图象观察:当束流调到所需值后,终推进样品杆,用样品平移传动装置把样品座调到观察位置,即可进行图象观察。自噬体形成后,可与细胞内吞的吞噬泡、吞饮泡和内体融合(这种情况不是必然要发生的)。首先在透射电镜低倍下观察,选择感兴趣的视场,并将其移到荧屏中心,然后调节透射电镜中间镜电流确定放大倍数,调节透射电镜物镜电流使荧光屏上的图象聚焦至清晰。
武汉迈斯普生物科技有限公司是一家***从事生物医学技术服务、技术咨询及产品开发的生物技术服务企业。公司坐落于武汉光谷,由3位归国博士创办。冷固定:将样本放在液态的中速冻,这样水不会结晶,而形成非晶体的冰。公司长期致力于建立并完善多项基础生物技术服务平台。现凭借自身技术特色,依托光谷生物城技术产业优势,面向***提供生物技术服务。

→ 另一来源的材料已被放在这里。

(* Let $\varepsilon>0$, $C>0$, and integers $1\le\hat d\le d$. Define the projected random sign (PRS) mechanism on input $\mathbf g\in\mathbb{R}^d$ as follows: draw a random matrix $\mathbf M=(m_{i,j})\in\mathbb{R}^{\hat d\times d}$ independently of everything else with i.i.d. entries equal to $-\sqrt3$ with probability $1/6$, $0$ with probability $2/3$, $+\sqrt3$ with probability $1/6$; set $\mathbf u=\mathbf M\mathbf g$; for each $i\in\{1,\dots,\hat d\}$ let $\bar u_i=\min\{C,\max\{-C,u_i\}\}$ and, independently across $i$, let $\tilde u_i=+C$ with probability $\frac{1}{e^{\varepsilon/\hat d}+1}+\frac{\bar u_i+C}{2C}\cdot\frac{e^{\varepsilon/\hat d}-1}{e^{\varepsilon/\hat d}+1}$ and $\tilde u_i=-C$ otherwise; output $\mathbf M^{\top}\tilde{\mathbf u}\in\mathbb{R}^d$. Consider $N$ agents with private parameters $\psi_1,\dots,\psi_N\in\Psi$ reporting in order $n=1,\dots,N$, where agent $n$ computes a gradient $\mathbf g_n\in\mathbb{R}^d$ whose conditional law given $\psi_1,\dots,\psi_N$ and previous reports $\tilde{\mathbf g}_1,\dots,\tilde{\mathbf g}_{n-1}$ depends only on $\psi_n$ and $\tilde{\mathbf g}_1,\dots,\tilde{\mathbf g}_{n-1}$, and reports $\tilde{\mathbf g}_n$ equal to the output of the PRS mechanism applied to $\mathbf g_n$ with fresh randomness. Then gradient submission with the PRS mechanism satisfies $\varepsilon$-LDP: for every $n$, all $\psi,\psi'\in\Psi$, every value of $(\tilde{\mathbf g}_1,\dots,\tilde{\mathbf g}_{n-1})$ and every measurable $G\subseteq\mathbb{R}^d$, $$\Pr(\tilde{\mathbf g}_n\in G\mid\psi_n=\psi,\tilde{\mathbf g}_1,\dots,\tilde{\mathbf g}_{n-1})\le e^{\varepsilon}\Pr(\tilde{\mathbf g}_n\in G\mid\psi_n=\psi',\tilde{\mathbf g}_1,\dots,\tilde{\mathbf g}_{n-1}).$$
   Context: $\Psi$ is an arbitrary set of environment parameters. *)

theory Defs
  imports "HOL-Analysis.Analysis" "HOL-Probability.Probability"
begin

definition entry_pmf :: "real pmf" where
  "entry_pmf = map_pmf (\<lambda>k::nat. if k = 0 then - sqrt 3 else if k = 1 then sqrt 3 else 0)
                 (pmf_of_set {0..<6})"

text \<open>Random matrix M in R^(dhat x d) with i.i.d. entries; rows indexed by 'k (CARD('k) = dhat),
  columns by 'd (CARD('d) = d).\<close>
definition rand_matrix :: "(real^'d^'k) pmf" where
  "rand_matrix = map_pmf (\<lambda>f. \<chi> i j. f (i, j)) (Pi_pmf UNIV 0 (\<lambda>_. entry_pmf))"

definition clip :: "real \<Rightarrow> real \<Rightarrow> real" where
  "clip C u = min C (max (- C) u)"

definition plus_prob :: "real \<Rightarrow> nat \<Rightarrow> real \<Rightarrow> real \<Rightarrow> real" where
  "plus_prob eps dhat C u =
     1 / (exp (eps / real dhat) + 1)
     + (clip C u + C) / (2 * C) * ((exp (eps / real dhat) - 1) / (exp (eps / real dhat) + 1))"

definition PRS :: "'k::finite itself \<Rightarrow> real \<Rightarrow> real \<Rightarrow> real^'d \<Rightarrow> (real^'d) pmf" where
  "PRS _ eps C g =
     do { M \<leftarrow> (rand_matrix :: (real^'d^'k) pmf);
          b \<leftarrow> Pi_pmf (UNIV :: 'k set) False
                 (\<lambda>i. bernoulli_pmf (plus_prob eps CARD('k) C ((M *v g) $ i)));
          return_pmf (transpose M *v (\<chi> i. if b i then C else - C)) }"

definition report_law :: "real \<Rightarrow> real \<Rightarrow> 'k::finite itself \<Rightarrow> (real^'d) measure \<Rightarrow> (real^'d) measure" where
  "report_law eps C k mu = mu \<bind> (\<lambda>g. measure_pmf (PRS k eps C g))"

end

theory Submission
  imports Defs
begin

text \<open>Given the matrix M, the output of PRS is a fixed function of the sign vector, whose
  coordinates are independent Bernoulli variables with success probabilities in
  [1/(E+1), E/(E+1)], where E = exp(eps/dhat). Changing the gradient therefore changes the
  likelihood of each coordinate by a factor at most E, and that of the whole sign vector by at
  most E^dhat = exp eps. Such a ratio bound, valid for every pair of inputs, survives averaging
  over M, post-processing, and mixing over two arbitrary gradient laws.\<close>

context
begin

interpretation pmf_as_function .

lemma pmf_bernoulli_pmf:
  "pmf (bernoulli_pmf p) b = (if b then min 1 (max 0 p) else 1 - min 1 (max 0 p))"
  by transfer simp

end

lemma pmf_bernoulli_le_cmult:
  fixes E p p' :: real
  assumes "0 \<le> E" "p \<in> {1 / (E + 1) .. E / (E + 1)}" "p' \<in> {1 / (E + 1) .. E / (E + 1)}"
  shows "pmf (bernoulli_pmf p) b \<le> E * pmf (bernoulli_pmf p') b"
proof -
  have lo: "1 / (E + 1) \<le> p" "1 / (E + 1) \<le> p'" and hi: "p \<le> E / (E + 1)" "p' \<le> E / (E + 1)"
    using assms(2,3) by auto
  have compl: "1 - E / (E + 1) = 1 / (E + 1)" and "0 < 1 / (E + 1)"
    using assms(1) by (auto simp: field_simps)
  then have unit: "0 \<le> p" "p \<le> 1" "0 \<le> p'" "p' \<le> 1"
    using lo hi by linarith+
  have odds: "E / (E + 1) = E * (1 / (E + 1))"
    by simp
  have "p \<le> E * p'"
    using hi(1) mult_left_mono[OF lo(2) assms(1)] unfolding odds by linarith
  moreover have "1 - p \<le> E * (1 - p')"
    using lo(1) hi(2) mult_left_mono[of "1 / (E + 1)" "1 - p'" E] assms(1) compl
    unfolding odds by linarith
  ultimately show ?thesis
    using unit by (cases b) auto
qed

lemma pmf_Pi_pmf_le_power_cmult:
  assumes "finite I" "0 \<le> c" "\<And>i x. i \<in> I \<Longrightarrow> pmf (p i) x \<le> c * pmf (q i) x"
  shows "pmf (Pi_pmf I d p) f \<le> c ^ card I * pmf (Pi_pmf I d q) f"
proof -
  have "(\<Prod>i\<in>I. pmf (p i) (f i)) \<le> (\<Prod>i\<in>I. c * pmf (q i) (f i))"
    using assms(3) by (intro prod_mono) auto
  then show ?thesis
    using assms(1) by (auto simp: pmf_Pi prod.distrib)
qed

lemma emeasure_pmf_le_cmult:
  assumes "0 \<le> c" "\<And>x. pmf p x \<le> c * pmf q x"
  shows "emeasure (measure_pmf p) A \<le> ennreal c * emeasure (measure_pmf q) A"
proof -
  have "emeasure (measure_pmf p) A = (\<integral>\<^sup>+x. ennreal (pmf p x) * indicator A x \<partial>count_space UNIV)"
    by (simp add: nn_integral_measure_pmf[symmetric])
  also have "\<dots> \<le> (\<integral>\<^sup>+x. ennreal c * (ennreal (pmf q x) * indicator A x) \<partial>count_space UNIV)"
    using assms
    by (intro nn_integral_mono) (auto simp: ennreal_mult'[symmetric] indicator_def intro!: ennreal_leI)
  also have "\<dots> = ennreal c * emeasure (measure_pmf q) A"
    by (simp add: nn_integral_cmult nn_integral_measure_pmf[symmetric])
  finally show ?thesis .
qed

lemma emeasure_bind_pmf_le_cmult:
  assumes "\<And>x. x \<in> set_pmf m \<Longrightarrow>
      emeasure (measure_pmf (F x)) A \<le> ennreal c * emeasure (measure_pmf (G x)) A"
  shows "emeasure (measure_pmf (bind_pmf m F)) A
    \<le> ennreal c * emeasure (measure_pmf (bind_pmf m G)) A"
proof -
  have "(\<integral>\<^sup>+x. emeasure (F x) A \<partial>m) \<le> (\<integral>\<^sup>+x. ennreal c * emeasure (G x) A \<partial>m)"
    using assms by (intro nn_integral_mono_AE) (simp add: AE_measure_pmf_iff)
  then show ?thesis
    by (simp add: nn_integral_cmult)
qed

lemma measure_bind_le_cmult:
  fixes F :: "'a \<Rightarrow> 'b measure"
  assumes "prob_space mu" "prob_space mu'" "sets mu = sets M" "sets mu' = sets M"
    and "\<And>x. prob_space (F x)" "\<And>x. sets (F x) = sets N"
    and "\<And>A. A \<in> sets N \<Longrightarrow> (\<lambda>x. emeasure (F x) A) \<in> borel_measurable M"
    and "G \<in> sets N" "0 \<le> c"
    and ratio: "\<And>x y. emeasure (F x) G \<le> ennreal c * emeasure (F y) G"
  shows "measure (mu \<bind> F) G \<le> c * measure (mu' \<bind> F) G"
proof -
  interpret mu: prob_space mu by fact
  interpret mu': prob_space mu' by fact
  have "F \<in> measurable M (subprob_algebra N)"
    using assms(5-7) by (intro measurable_subprob_algebra prob_space_imp_subprob_space)
  then have kernel: "F \<in> measurable mu (subprob_algebra N)" "F \<in> measurable mu' (subprob_algebra N)"
    unfolding measurable_cong_sets[OF assms(3) refl] measurable_cong_sets[OF assms(4) refl] by auto
  have measurable_G: "(\<lambda>x. emeasure (F x) G) \<in> borel_measurable mu'"
    unfolding measurable_cong_sets[OF assms(4) refl] using assms(7,8) .
  have "(\<integral>\<^sup>+x. emeasure (F x) G \<partial>mu) \<le> ennreal c * emeasure (F y) G" for y
  proof -
    have "(\<integral>\<^sup>+x. emeasure (F x) G \<partial>mu) \<le> (\<integral>\<^sup>+x. ennreal c * emeasure (F y) G \<partial>mu)"
      using ratio by (intro nn_integral_mono)
    then show ?thesis
      by (simp add: mu.emeasure_space_1)
  qed
  then have "(\<integral>\<^sup>+y. (\<integral>\<^sup>+x. emeasure (F x) G \<partial>mu) \<partial>mu')
      \<le> (\<integral>\<^sup>+y. ennreal c * emeasure (F y) G \<partial>mu')"
    by (intro nn_integral_mono)
  then have "(\<integral>\<^sup>+x. emeasure (F x) G \<partial>mu) \<le> (\<integral>\<^sup>+y. ennreal c * emeasure (F y) G \<partial>mu')"
    by (simp add: mu'.emeasure_space_1)
  then have le: "emeasure (mu \<bind> F) G \<le> ennreal c * emeasure (mu' \<bind> F) G"
    using kernel assms(8) measurable_G
    by (simp add: emeasure_bind[OF mu.not_empty] emeasure_bind[OF mu'.not_empty] nn_integral_cmult)
  interpret mu_F: subprob_space "mu \<bind> F"
    using kernel(1) by (intro subprob_space_bind) unfold_locales
  interpret mu'_F: subprob_space "mu' \<bind> F"
    using kernel(2) by (intro subprob_space_bind) unfold_locales
  show ?thesis
    using le assms(9)
    by (simp add: mu_F.emeasure_eq_measure mu'_F.emeasure_eq_measure ennreal_mult'[symmetric])
qed

lemma borel_measurable_pmf_Pi_bernoulli:
  assumes "finite I" and [measurable]: "\<And>i. f i \<in> borel_measurable N"
  shows "(\<lambda>x. pmf (Pi_pmf I d (\<lambda>i. bernoulli_pmf (f i x))) b) \<in> borel_measurable N"
  unfolding pmf_Pi[OF assms(1)] pmf_bernoulli_pmf by measurable

lemma borel_measurable_emeasure_pmf_finite_type:
  fixes p :: "'a \<Rightarrow> 'b::finite pmf"
  assumes [measurable]: "\<And>y. (\<lambda>x. pmf (p x) y) \<in> borel_measurable N"
  shows "(\<lambda>x. emeasure (measure_pmf (p x)) A) \<in> borel_measurable N"
  unfolding emeasure_measure_pmf_finite[OF finite] by measurable

lemma borel_measurable_emeasure_bind_pmf_finite:
  assumes "finite (set_pmf m)"
    and "\<And>y. y \<in> set_pmf m \<Longrightarrow> (\<lambda>x. emeasure (measure_pmf (F x y)) A) \<in> borel_measurable N"
  shows "(\<lambda>x. emeasure (measure_pmf (bind_pmf m (F x))) A) \<in> borel_measurable N"
  using assms by (simp add: nn_integral_measure_pmf_finite)

lemma plus_prob_mem_odds_interval:
  assumes "0 \<le> eps" "0 < C"
  shows "plus_prob eps n C u \<in> {1 / (exp (eps / n) + 1) .. exp (eps / n) / (exp (eps / n) + 1)}"
proof -
  define E where "E = exp (eps / n)"
  define t where "t = (clip C u + C) / (2 * C)"
  have "1 \<le> E"
    unfolding E_def using assms(1) by simp
  moreover have "0 \<le> t" "t \<le> 1"
    unfolding t_def clip_def using assms(2) by (auto simp: field_simps)
  ultimately have "0 \<le> t * (E - 1)" "t * (E - 1) \<le> E - 1"
    by (simp_all add: mult_left_le_one_le)
  moreover have "plus_prob eps n C u = 1 / (E + 1) + t * ((E - 1) / (E + 1))"
    unfolding plus_prob_def E_def t_def by simp
  ultimately show ?thesis
    unfolding E_def[symmetric] by (auto simp: field_simps)
qed

lemma borel_measurable_matrix_vector_mult_nth [measurable]:
  "(\<lambda>g. ((M::real^'n::finite^'m::finite) *v g) $ i) \<in> borel_measurable borel"
  unfolding matrix_vector_mult_def by simp

lemma borel_measurable_plus_prob [measurable]:
  assumes [measurable]: "f \<in> borel_measurable N"
  shows "(\<lambda>x. plus_prob eps n C (f x)) \<in> borel_measurable N"
  unfolding plus_prob_def clip_def by measurable

lemma finite_set_pmf_rand_matrix:
  "finite (set_pmf (rand_matrix :: (real^'d::finite^'k::finite) pmf))"
  unfolding rand_matrix_def entry_pmf_def by (auto simp: set_Pi_pmf intro!: finite_PiE_dflt)

definition sign_pmf ::
    "real \<Rightarrow> real \<Rightarrow> real^'d^'k::finite \<Rightarrow> real^'d \<Rightarrow> ('k \<Rightarrow> bool) pmf" where
  "sign_pmf eps C M g =
     Pi_pmf UNIV False (\<lambda>i. bernoulli_pmf (plus_prob eps CARD('k) C ((M *v g) $ i)))"

lemma PRS_conv_sign_pmf:
  "PRS TYPE('k) eps C g =
     bind_pmf rand_matrix (\<lambda>M. map_pmf (\<lambda>b. transpose M *v (\<chi> i. if b i then C else - C))
       (sign_pmf eps C (M :: real^'d^'k::finite) g))"
  unfolding PRS_def sign_pmf_def map_pmf_def by simp

lemma emeasure_PRS_le:
  assumes "0 \<le> eps" "0 < C"
  shows "emeasure (measure_pmf (PRS TYPE('k::finite) eps C g)) A
     \<le> ennreal (exp eps) * emeasure (measure_pmf (PRS TYPE('k) eps C (g' :: real^'d::finite))) A"
  unfolding PRS_conv_sign_pmf
proof (rule emeasure_bind_pmf_le_cmult)
  fix M :: "real^'d^'k"
  let ?out = "\<lambda>b. transpose M *v (\<chi> i. if b i then C else - C)"
  let ?E = "exp (eps / CARD('k))"
  have "pmf (sign_pmf eps C M g) b \<le> ?E ^ CARD('k) * pmf (sign_pmf eps C M g') b" for b
    unfolding sign_pmf_def
    by (intro pmf_Pi_pmf_le_power_cmult pmf_bernoulli_le_cmult plus_prob_mem_odds_interval assms) auto
  moreover have "?E ^ CARD('k) = exp eps"
    by (simp add: exp_of_nat_mult[symmetric])
  ultimately show "emeasure (measure_pmf (map_pmf ?out (sign_pmf eps C M g))) A
     \<le> ennreal (exp eps) * emeasure (measure_pmf (map_pmf ?out (sign_pmf eps C M g'))) A"
    unfolding emeasure_map_pmf by (intro emeasure_pmf_le_cmult) auto
qed

lemma borel_measurable_emeasure_PRS:
  "(\<lambda>g. emeasure (measure_pmf (PRS TYPE('k::finite) eps C g)) A)
     \<in> borel_measurable (borel :: (real^'d::finite) measure)"
  unfolding PRS_conv_sign_pmf
proof (rule borel_measurable_emeasure_bind_pmf_finite[OF finite_set_pmf_rand_matrix])
  fix M :: "real^'d^'k"
  let ?out = "\<lambda>b. transpose M *v (\<chi> i. if b i then C else - C)"
  show "(\<lambda>g. emeasure (measure_pmf (map_pmf ?out (sign_pmf eps C M g))) A) \<in> borel_measurable borel"
    unfolding emeasure_map_pmf sign_pmf_def
    by (intro borel_measurable_emeasure_pmf_finite_type borel_measurable_pmf_Pi_bernoulli) measurable
qed

theorem lemma3:
  fixes eps C :: real
    and \<Psi> :: "'psi set"
    and K :: "nat \<Rightarrow> 'psi \<Rightarrow> (real^'d) list \<Rightarrow> (real^'d) measure"
  assumes "eps > 0" and "C > 0"
    and "CARD('k::finite) \<le> CARD('d::finite)"
    and "\<And>n psi h. psi \<in> \<Psi> \<Longrightarrow> prob_space (K n psi h)"
    and "\<And>n psi h. psi \<in> \<Psi> \<Longrightarrow> sets (K n psi h) = sets borel"
  shows "\<forall>n \<in> {1..N}. \<forall>psi \<in> \<Psi>. \<forall>psi' \<in> \<Psi>. \<forall>h. length h = n - 1 \<longrightarrow>
           (\<forall>G \<in> sets borel.
              measure (report_law eps C TYPE('k) (K n psi h)) G
                \<le> exp eps * measure (report_law eps C TYPE('k) (K n psi' h)) G)"
proof (intro ballI allI impI)
  fix n psi psi' h G
  assume "psi \<in> \<Psi>" "psi' \<in> \<Psi>" "G \<in> sets (borel :: (real^'d) measure)"
  \<comment> \<open>The PRS ratio bound holds for every pair of gradients.\<close>
  then show "measure (report_law eps C TYPE('k) (K n psi h)) G
      \<le> exp eps * measure (report_law eps C TYPE('k) (K n psi' h)) G"
    unfolding report_law_def
    using assms(1,2,4,5)
    by (intro measure_bind_le_cmult[where M = borel and N = "count_space UNIV"]
        emeasure_PRS_le borel_measurable_emeasure_PRS prob_space_measure_pmf) auto
qed

end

扫描电镜使用步骤 一、开机(电源开关和准备开关均为打开状态)
1、开水(系统不报可);
2、开扫描电镜总电源;
3、电气柜后面开关打开,将自动/手动(AUTO/MAN)开关拔到自动(AUTO)的位置,此时电炉进行加热;
4、抽真空30分钟后,断开准备开关;
5、开扫描电镜系统软件;
6、打开主机前面面板上的电气柜开关,抽真空10分钟。
一、细胞取材流程及要求 取材流程:细胞直接刮下(不可胰酶消化,会造成细胞损伤),细胞悬
液离心,弃上清,PBS 洗 2 次(敏感的细胞直接固定,不洗,否则会造成
细胞器损伤),低速(1000-3000rpm)离心成团,加入组织及细胞电镜 2.5%固定 液 4℃过夜后快递。悬浮细胞、菌液可直接视为 细胞悬浮液操作。固体培养基培养的菌可直接将菌落挑到 PBS 中,后续 操作一致。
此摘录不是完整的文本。